“It’s really been surprising,” said Lisa Mantil, global head of the Goldman Sachs ETF Accelerator, in a phone interview. She said that insurance companies, private banks, family offices, hedge funds, and registered investment advisers, or RIAs, are among the clients of Goldman’s ETF Accelerator, which was introduced in November.
Goldman announced on Oct. 5 the first funds launched through its digital Accelerator platform, with Brandes Investments Partners using it to list three actively managed ETFs: Brandes U.S. Small-Mid Cap Value ETF BSMC, Brandes U.S. Value ETF BUSA, and Brandes International ETF BINV.
Goldman expects that “the next wave of growth in the ETF space is going to be the active ETF,” Mantil said, adding that the company wants “to help our clients get there.”
The ETF Accelerator was created because clients were calling the bank to ask for help in offering exchange-traded funds, according to Mantil.
“A couple of years ago, all we were doing was really giving free consulting to them” by getting on the phone for an hour to provide “a little bit of what that road map was to launch an ETF,” she said.
Mantil said Goldman’s Accelerator platform aims to help clients launch their first ETF within six months and without having to hire dozens of people, as opposed to the two years it might otherwise take.
“ETFs are the fastest growing part of the investment management industry,” Goldman said in its announcement. Ordinary investors buy shares of ETFs to gain exposure to various investment strategies across assets such as stocks and bonds.

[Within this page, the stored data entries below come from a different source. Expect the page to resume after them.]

lemma nonbacktracking_geodesic: "nonbacktracking E w \<Longrightarrow> geodesic E (hd w) (last w) w"
proof -
  assume w: "nonbacktracking E w"
  obtain v where v: "geodesic E (hd w) (last w) v" using geodesic_exists by blast
  then have "v = w"
    using nonbacktracking_unique[OF geodesic_nonbacktracking[OF v] w] by (simp add: geodesic_def)
  then show ?thesis using v by simp
qed

lemma geodesic_unique: "geodesic E x y p \<Longrightarrow> geodesic E x y q \<Longrightarrow> p = q"
  using nonbacktracking_unique geodesic_nonbacktracking unfolding geodesic_def by metis

lemma dist_self [simp]: "dist E x x = 0"
  using dist_le_walk[of E "[x]" x x] by simp

lemma dist_eq_0_iff [simp]: "dist E x y = 0 \<longleftrightarrow> x = y"
  using geodesic_exists[of x y] by (auto simp: geodesic_def length_Suc_conv)

lemma dist_eq_1_iff: "dist E x y = 1 \<longleftrightarrow> E x y"
proof
  assume "dist E x y = 1"
  moreover obtain w where "geodesic E x y w" using geodesic_exists by blast
  ultimately show "E x y" by (auto simp: geodesic_def length_Suc_conv walk_Cons)
next
  assume "E x y"
  then have "nonbacktracking E [x, y]" by (simp add: nonbacktracking_Cons_Cons)
  then show "dist E x y = 1" using nonbacktracking_geodesic by (fastforce simp: geodesic_def)
qed

lemma dist_Suc_neighbour:
  assumes "dist E x y = Suc r" shows "\<exists>v. E v y \<and> dist E x v = r"
proof -
  obtain w where w: "geodesic E x y w" using geodesic_exists by blast
  let ?u = "take (Suc r) w"
  have "geodesic E (hd ?u) (last ?u) ?u"
    using w geodesic_nonbacktracking nonbacktracking_take nonbacktracking_geodesic by blast
  moreover have "hd ?u = x" using w by (cases w) (auto simp: geodesic_def)
  moreover have "last ?u = w ! r" "length ?u = Suc r"
    using w assms by (auto simp: geodesic_def take_Suc_conv_app_nth)
  ultimately have "dist E x (w ! r) = r" by (simp add: geodesic_def)
  moreover have "E (w ! r) y"
    using w assms walk_nth[of E w r] by (auto simp: geodesic_def last_conv_nth walk_def)
  ultimately show ?thesis by blast
qed

lemma finite_ball:
  assumes "\<And>v. finite {w. E v w}" shows "finite {y. dist E x y \<le> r}"
proof (induction r)
  case (Suc r)
  have "{y. dist E x y \<le> Suc r} \<subseteq> {y. dist E x y \<le> r} \<union> (\<Union>v\<in>{y. dist E x y \<le> r}. {w. E v w})"
    using dist_Suc_neighbour adjacent_sym by (fastforce simp: le_Suc_eq)
  then show ?case by (rule finite_subset) (use Suc assms in auto)
qed simp

lemma Aut_adjacent_iff: "f \<in> Aut E \<Longrightarrow> E (f x) (f y) \<longleftrightarrow> E x y"
  by (metis Aut_dist dist_eq_1_iff)

lemma Aut_inf_path: "f \<in> Aut E \<Longrightarrow> inf_path E s \<Longrightarrow> inf_path E (f \<circ> s)"
  unfolding inf_path_def by (auto simp: Aut_adjacent_iff Aut_inj inj_compose)

lemma end_image_end_of:
  assumes f: "f \<in> Aut E" and r: "inf_path E r"
  shows "end_image f (end_of E r) = end_of E (f \<circ> r)"
proof
  show "end_image f (end_of E r) \<subseteq> end_of E (f \<circ> r)"
    unfolding end_image_def end_of_def using Aut_inf_path[OF f] path_equiv_comp by blast
next
  show "end_of E (f \<circ> r) \<subseteq> end_image f (end_of E r)"
  proof
    fix t assume t: "t \<in> end_of E (f \<circ> r)"
    have bij: "bij f" using f by (simp add: Aut_def)
    have "inf_path E (inv f \<circ> t)" using Aut_inf_path[OF Aut_inv[OF f]] t by (simp add: end_of_def)
    moreover have "path_equiv r (inv f \<circ> t)"
      using path_equiv_comp[of "f \<circ> r" t "inv f"] t bij
      by (simp add: end_of_def o_assoc bij_is_inj)
    moreover have "t = f \<circ> (inv f \<circ> t)" using bij by (simp add: fun_eq_iff bij_is_surj surj_f_inv_f)
    ultimately show "t \<in> end_image f (end_of E r)"
      unfolding end_image_def end_of_def by blast
  qed
qed

lemma Aut_geodesic: "f \<in> Aut E \<Longrightarrow> geodesic E x y w \<Longrightarrow> geodesic E (f x) (f y) (map f w)"
  unfolding geodesic_def walk_def by (auto simp: Aut_adjacent_iff Aut_dist hd_map last_map)

lemma Aut_nonbacktracking_seq:
  "f \<in> Aut E \<Longrightarrow> nonbacktracking_seq E s \<Longrightarrow> nonbacktracking_seq E (f \<circ> s)"
  unfolding nonbacktracking_seq_def by (auto simp: Aut_adjacent_iff Aut_inj inj_eq)

lemma isometry_in_Aut:
  assumes fin: "\<And>v. finite {w. E v w}" and reg: "\<And>v. card {w. E v w} = M"
    and f: "\<And>x y. dist E (f x) (f y) = dist E x y"
  shows "f \<in> Aut E"
proof -
  have inj: "inj f" using f by (metis dist_eq_0_iff injI)
  have neighbours: "f ` {w. E u w} = {w. E (f u) w}" for u
  proof (rule card_subset_eq)
    show "f ` {w. E u w} \<subseteq> {w. E (f u) w}" by (auto simp flip: dist_eq_1_iff simp: f)
    show "card (f ` {w. E u w}) = card {w. E (f u) w}"
      using reg card_image inj by (metis inj_on_subset subset_UNIV)
  qed (rule fin)
  have "y \<in> range f" if "dist E (f x) y = n" for x y n
    using that
  proof (induction n arbitrary: y)
    case (Suc n)
    then obtain v where "E v y" "dist E (f x) v = n" using dist_Suc_neighbour by blast
    then obtain u where "v = f u" using Suc.IH by blast
    then show ?case using neighbours \<open>E v y\<close> by blast
  qed simp
  then have "surj f" by blast
  then show ?thesis using inj f by (simp add: Aut_def bij_def)
qed

lemma nonbacktracking_seq_geodesic:
  "nonbacktracking_seq E s \<Longrightarrow> geodesic E (s i) (s (i + n)) (map (\<lambda>t. s (i + t)) [0..<Suc n])"
  using nonbacktracking_geodesic[OF nonbacktracking_seq_prefix]
  by (simp del: upt_Suc add: hd_map last_map)

lemma nonbacktracking_seq_dist: "nonbacktracking_seq E s \<Longrightarrow> dist E (s i) (s (i + n)) = n"
  using nonbacktracking_seq_geodesic by (fastforce simp: geodesic_def)

lemma nonbacktracking_seq_inj:
  assumes s: "nonbacktracking_seq E s" shows "inj s"
proof (rule injI)
  fix a b assume "s a = s b"
  moreover have "dist E (s (min a b)) (s (min a b + (max a b - min a b))) = max a b - min a b"
    using nonbacktracking_seq_dist[OF s] .
  ultimately show "a = b" by (auto simp: min_def max_def split: if_splits)
qed

lemma nonbacktracking_seq_inf_path: "nonbacktracking_seq E s \<Longrightarrow> inf_path E s"
  using nonbacktracking_seq_inj unfolding inf_path_def nonbacktracking_seq_def by blast

lemma nonbacktracking_seq_eqI:
  assumes r: "nonbacktracking_seq E r" and s: "nonbacktracking_seq E s"
    and start: "r 0 = s 0" and equiv: "path_equiv r s"
  shows "r = s"
proof
  fix k
  obtain a b N where shift: "\<forall>i>N. r (i + a) = s (i + b)"
    using equiv path_equiv_iff_shift by blast
  \<comment> \<open>both sequences leave r 0 = s 0 at unit speed, so the shift is trivial\<close>
  define t where "t = Suc N + k"
  have "t + a = dist E (r 0) (r (t + a))" using nonbacktracking_seq_dist[OF r, of 0] by simp
  also have "\<dots> = dist E (s 0) (s (t + b))" using shift[rule_format, of t] start t_def by simp
  also have "\<dots> = t + b" using nonbacktracking_seq_dist[OF s, of 0] by simp
  finally have "r (t + a) = s (t + a)" using shift[rule_format, of t] t_def by simp
  then have "map (\<lambda>i. r (0 + i)) [0..<Suc (t + a)] = map (\<lambda>i. s (0 + i)) [0..<Suc (t + a)]"
    using geodesic_unique nonbacktracking_seq_geodesic[OF r] nonbacktracking_seq_geodesic[OF s]
    by (metis add_0 start)
  moreover have "k < Suc (t + a)" using t_def by simp
  ultimately show "r k = s k"
    by (metis (no_types, lifting) add_0 diff_zero length_upt nth_map nth_upt)
qed
(* Let $U\subset\mathbb{R}^n$ be a bounded, open, connected set and let $(u_1,u_2)$ be a viscosity supersolution of the system (S) in $U$. Assume that $\min_{i=1,2}\inf_{U}u_i$ is attained at a point of $U$, i.e. there exist $i_0\in\{1,2\}$ and $x^*\in U$ with $u_{i_0}(x^* )\le u_i(x)$ for all $x\in U$, $i=1,2$. Then there is a constant $C$ such that $u_1\equiv u_2\equiv C$ in $U$.
   Context: For $\varphi\in C^2$ near $x$, set $\Delta_\infty\varphi(x)=|D\varphi(x)|^{-2}\sum_{k,l=1}^n\varphi_{x_k}\varphi_{x_l}\varphi_{x_kx_l}(x)$ when $D\varphi(x)\neq0$. Define $\Delta_\infty^+\varphi(x)=\Delta_\infty\varphi(x)$ if $D\varphi(x)\ne0$ and $\Delta_\infty^+\varphi(x)=\max\{D^2\varphi(x)v\cdot v: v\in\mathbb{S}^{n-1}\}$ if $D\varphi(x)=0$; define $\Delta_\infty^-\varphi(x)$ in the same way with $\min$ in place of $\max$. The system (S) on an open set $\Omega$ is: $-\Delta_\infty u_1+u_1-u_2=0$ and $-\Delta_\infty u_2+u_2-u_1=0$ in $\Omega$. A pair $(u_1,u_2)$ of upper semicontinuous functions on $\Omega$ is a viscosity subsolution of (S) in $\Omega$ if for each $i\in\{1,2\}$, $j=3-i$, and each $\varphi\in C^2(\Omega)$ such that $u_i-\varphi$ has a local maximum at $x_0\in\Omega$, one has $-\Delta_\infty^+\varphi(x_0)+u_i(x_0)-u_j(x_0)\le0$. A pair of lower semicontinuous functions on $\Omega$ is a viscosity supersolution if for each $i$, $j=3-i$, and each $\varphi\in C^2(\Omega)$ such that $u_i-\varphi$ has a local minimum at $x_0\in\Omega$, one has $-\Delta_\infty^-\varphi(x_0)+u_i(x_0)-u_j(x_0)\ge0$. A viscosity solution is a pair that is both a subsolution and a supersolution. *)

theory Defs
  imports "HOL-Analysis.Analysis"
begin

definition grad :: "(real^'n \<Rightarrow> real) \<Rightarrow> real^'n \<Rightarrow> real^'n" where
  "grad \<phi> x = (\<chi> k. frechet_derivative \<phi> (at x) (axis k 1))"

definition hess :: "(real^'n \<Rightarrow> real) \<Rightarrow> real^'n \<Rightarrow> real^'n^'n" where
  "hess \<phi> x = (\<chi> k l. frechet_derivative (\<lambda>y. grad \<phi> y $ k) (at x) (axis l 1))"

definition C2_on :: "(real^'n) set \<Rightarrow> (real^'n \<Rightarrow> real) \<Rightarrow> bool" where
  "C2_on \<Omega> \<phi> \<longleftrightarrow>
     (\<forall>x\<in>\<Omega>. \<phi> differentiable (at x)) \<and>
     (\<forall>x\<in>\<Omega>. \<forall>k. (\<lambda>y. grad \<phi> y $ k) differentiable (at x)) \<and>
     continuous_on \<Omega> (hess \<phi>)"

definition inf_laplace_minus :: "(real^'n \<Rightarrow> real) \<Rightarrow> real^'n \<Rightarrow> real" where
  "inf_laplace_minus \<phi> x =
     (if grad \<phi> x \<noteq> 0
      then (\<Sum>k\<in>UNIV. \<Sum>l\<in>UNIV. grad \<phi> x $ k * grad \<phi> x $ l * hess \<phi> x $ k $ l)
           / (norm (grad \<phi> x))\<^sup>2
      else Inf {(hess \<phi> x *v v) \<bullet> v | v. norm v = 1})"

definition lsc_on :: "(real^'n) set \<Rightarrow> (real^'n \<Rightarrow> real) \<Rightarrow> bool" where
  "lsc_on \<Omega> u \<longleftrightarrow>
     (\<forall>x\<in>\<Omega>. \<forall>e>0. \<exists>d>0. \<forall>y\<in>\<Omega>. dist y x < d \<longrightarrow> u x - e < u y)"

definition local_min_on :: "(real^'n) set \<Rightarrow> (real^'n \<Rightarrow> real) \<Rightarrow> real^'n \<Rightarrow> bool" where
  "local_min_on \<Omega> f x0 \<longleftrightarrow> x0 \<in> \<Omega> \<and>
     (\<exists>r>0. \<forall>y\<in>\<Omega>. dist y x0 < r \<longrightarrow> f x0 \<le> f y)"

text \<open>Supersolution condition for the i-th equation, with u = u_i and w = u_j.\<close>
definition super_cond :: "(real^'n) set \<Rightarrow> (real^'n \<Rightarrow> real) \<Rightarrow> (real^'n \<Rightarrow> real) \<Rightarrow> bool" where
  "super_cond \<Omega> u w \<longleftrightarrow>
     (\<forall>\<phi> x0. C2_on \<Omega> \<phi> \<longrightarrow> local_min_on \<Omega> (\<lambda>y. u y - \<phi> y) x0 \<longrightarrow>
        - inf_laplace_minus \<phi> x0 + u x0 - w x0 \<ge> 0)"

definition visc_supersol :: "(real^'n) set \<Rightarrow> (real^'n \<Rightarrow> real) \<Rightarrow> (real^'n \<Rightarrow> real) \<Rightarrow> bool" where
  "visc_supersol \<Omega> u1 u2 \<longleftrightarrow>
     lsc_on \<Omega> u1 \<and> lsc_on \<Omega> u2 \<and> super_cond \<Omega> u1 u2 \<and> super_cond \<Omega> u2 u1"

end

theory Submission
  imports Defs
begin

U.S.-listed ETFs now have more than $7 trillion in assets across almost 3,200 funds, according to a Citigroup research note from earlier this month.
“Actively managed ETFs have gone from 20-40% of launches pre-2020 to over 60% since then,” Citi said. “More strategies that require active trading, especially in derivatives, are now accessible via ETFs.”
As for the Goldman Sachs ETF Accelerator’s pipeline, Mantil said she sees hedge funds seeking to diversify their investor base through the ETF market by potentially offering, for instance, a “long-only” ETF. But hedge funds, whose investor base is heavily represented by institutional investors, are “in no way” considering making their “super high alpha” strategies that fall under their traditional fee structures transparent in an ETF, she said of the bank’s pipeline.
The Accelerator, which is a multi-asset and global platform, has also attracted interest from family offices, according to Mantil. That’s partly because ETFs may provide tax efficiency for family offices grappling with the operational complexity of many different accounts, she said.
Meanwhile, GMO, the Boston-based investment firm co-founded by Jeremy Grantham, has turned to Goldman’s ETF Accelerator to launch its first exchange-traded fund. GMO disclosed in a regulatory filing that the bank’s Accelerator business is assisting the firm with consulting services.
“For our clients, it is their strategy,” brand, marketing, and distribution, Mantil said. “It is their ETF. They’re just using our infrastructure.”